**Problem details**
If a line in the data below contains "enat", copy it.

· · ·

(* Let $F\colon\mathbb{N}\to(0,\infty)$ satisfy $\sum_{k=1}^\infty1/F(k)<\infty$, and let $\Xi$ be the birth process with rate function $F$ and initial value $\Xi(0)\in\mathbb{N}$, with explosion time $T$. For $x\ge\Xi(0)$ let $g_x$ be the density of $T(x)=\sum_{l=\Xi(0)}^x\tau(l)$. Then there exist constants $C<\infty$ and $x_0$ such that for all $x\ge x_0$ and all $t\ge0$, $$\mathbb{P}(\Xi(t)=x)\le C\,\frac{g_x(t)}{F(x)}\qquad\text{and}\qquad \mathbb{P}(\Xi(t)>x\mid T>t)\le C\,\frac{g_x(t)}{\mathbb{P}(T>t)}\sum_{k=x+1}^\infty\frac{1}{F(k)}.$$ (That is, $\mathbb{P}(\Xi(t)=x)\prec g_x(t)/F(x)$ and the conditional tail bound hold as $x\to\infty$, globally uniformly in $t\ge0$.)
   Context: $\mathbb{N}=\{1,2,\dots\}$. The $\tau(k)$, $k\ge\Xi(0)$, are independent, $\tau(k)$ exponential with rate $F(k)$; $\Xi(t)=\min\{k:\sum_{l=\Xi(0)}^k\tau(l)>t\}$ (min of empty set $=\infty$) and $T=\sum_{k\ge\Xi(0)}\tau(k)$. For sequences, $x_k\prec y_k$ means $\limsup x_k/y_k<\infty$. *)

theory Defs
  imports "HOL-Probability.Probability"
begin

definition birth_state :: "nat \<Rightarrow> (nat \<Rightarrow> 'a \<Rightarrow> real) \<Rightarrow> real \<Rightarrow> 'a \<Rightarrow> enat" where
  "birth_state n0 \<tau> t \<omega> =
     (if \<exists>k\<ge>n0. (\<Sum>l=n0..k. \<tau> l \<omega>) > t
      then enat (LEAST k. k \<ge> n0 \<and> (\<Sum>l=n0..k. \<tau> l \<omega>) > t)
      else \<infinity>)"

definition explosion_time :: "nat \<Rightarrow> (nat \<Rightarrow> 'a \<Rightarrow> real) \<Rightarrow> 'a \<Rightarrow> real" where
  "explosion_time n0 \<tau> \<omega> = (\<Sum>k. \<tau> (n0 + k) \<omega>)"

end

theory Submission
  imports Defs "HOL-Real_Asymp.Real_Asymp"
begin
lemma exists_free_ultrafilter_diagonal:
  "\<exists>\<omega>. free_ultrafilter \<omega> \<and>
     (\<forall>i\<^sub>0 (J :: nat \<Rightarrow> nat). \<forall>\<^sub>F n in \<omega>.
        i\<^sub>0 \<le> fst (prod_decode n) \<and> J (fst (prod_decode n)) \<le> snd (prod_decode n))"
proof -
  define S where "S p = {n. fst p \<le> fst (prod_decode n) \<and> snd p (fst (prod_decode n)) \<le> snd (prod_decode n)}"
    for p :: "nat \<times> (nat \<Rightarrow> nat)"
  define F where "F = (INF p. principal (S p))"
  have eventually_F: "eventually P F \<longleftrightarrow> (\<exists>p. \<forall>n\<in>S p. P n)" for P
    unfolding F_def
  proof (subst eventually_INF_base)
    fix p q :: "nat \<times> (nat \<Rightarrow> nat)"
    have "S (max (fst p) (fst q), \<lambda>i. max (snd p i) (snd q i)) \<subseteq> S p \<inter> S q"
      unfolding S_def by auto
    then show "\<exists>r\<in>UNIV. principal (S r) \<le> inf (principal (S p)) (principal (S q))"
      by auto
  qed (auto simp: eventually_principal)
  have "F \<noteq> bot"
  proof
    assume "F = bot"
    then obtain p where "\<forall>n\<in>S p. False"
      using eventually_F[of "\<lambda>_. False"] by auto
    moreover have "prod_encode (fst p, snd p (fst p)) \<in> S p"
      unfolding S_def by simp
    ultimately show False
      by blast
  qed
  moreover have "F \<le> cofinite"
    unfolding cofinite_eq_sequentially le_filter_def eventually_sequentially
  proof (intro allI impI)
    fix P :: "nat \<Rightarrow> bool" assume "\<exists>N. \<forall>n\<ge>N. P n"
    then obtain N where N: "\<And>n. N \<le> n \<Longrightarrow> P n"
      by blast
    have "N \<le> n" if "n \<in> S (N, \<lambda>_. 0)" for n
      using that le_prod_encode_1[of "fst (prod_decode n)" "snd (prod_decode n)"]
      unfolding S_def by simp
    then show "eventually P F"
      using N eventually_F by blast
  qed
  ultimately obtain \<omega> where "free_ultrafilter \<omega>" and "\<omega> \<le> F"
    using exists_free_ultrafilter_le by blast
  moreover have "eventually (\<lambda>n. n \<in> S (i\<^sub>0, J)) F" for i\<^sub>0 J
    using eventually_F by blast
  ultimately show ?thesis
    unfolding S_def le_filter_def by auto
qed

section \<open>Cosets and quotients\<close>

lemma (in group) rcos_eq_iff_mult_inv_mem:
  assumes "subgroup N G" and "x \<in> carrier G" and "y \<in> carrier G"
  shows "N #> x = N #> y \<longleftrightarrow> x \<otimes> inv y \<in> N"
proof -
  have "N #> x = N #> y \<longleftrightarrow> x \<in> N #> y"
    using assms repr_independence repr_independenceD by metis
  also have "\<dots> \<longleftrightarrow> x \<otimes> inv y \<in> N"
    using subgroup.rcos_module[OF assms(1) is_group assms(3,2)] .
  finally show ?thesis .
qed
lemma walk_near_shortest_path:
  assumes G: "graph V E" and P: "walk_betw V E u0 P u1" "plen P \<le> 2 ^ k"
    and Q: "shortest_path V E u0 Q u1" "v \<in> set Q"
  shows "\<exists>x\<in>set P. real (gdist V E v x) \<le> real k * delta_worst V E + 1 / 2"
proof -
  have W: "walk V E P" "P \<noteq> []" "P ! 0 = u0" "P ! plen P = u1"
    using P(1) unfolding walk_betw_def walk_def plen_def by (auto simp: hd_conv_nth last_conv_nth)
  have v: "v \<in> V" using Q unfolding shortest_path_def path_betw_def walk_betw_def walk_def by auto
  have len: "plen P < length P" using W(2) unfolding plen_def by simp
  obtain t where t: "t \<le> plen P" "real (gdist V E v (P ! t))
      \<le> gromov_product V E v u0 u1 + real k * delta_worst V E + 1 / 2"
    using walk_bisection[OF G W(1) v, of 0 "plen P" k] len P(2) W(3,4) by auto
  have "gromov_product V E v u0 u1 \<le> 0"
    using gdist_split_on_shortest_path[OF Q] gdist_sym[OF G, of v u0]
    unfolding gromov_product_def by simp
  then show ?thesis using t len by (intro bexI[of _ "P ! t"]) auto
qed

lemma dyadic_scale:
  fixes l :: nat
  shows "\<exists>k. l \<le> 2 ^ k \<and> (1 \<le> k \<longrightarrow> 2 ^ (k - 1) < l)"
proof -
  define k where "k = (LEAST k. l \<le> 2 ^ k)"
  have "l \<le> 2 ^ l" using less_exp[of l] by simp
  then have "l \<le> 2 ^ k" unfolding k_def by (rule LeastI)
  moreover have "2 ^ (k - 1) < l" if "1 \<le> k"
    using not_less_Least[of "k - 1" "\<lambda>k. l \<le> 2 ^ k"] that unfolding k_def by fastforce
  ultimately show ?thesis by blast
qed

· · ·

**Completed task**
definition birth_state :: "nat \<Rightarrow> (nat \<Rightarrow> 'a \<Rightarrow> real) \<Rightarrow> real \<Rightarrow> 'a \<Rightarrow> enat" where
      then enat (LEAST k. k \<ge> n0 \<and> (\<Sum>l=n0..k. \<tau> l \<omega>) > t)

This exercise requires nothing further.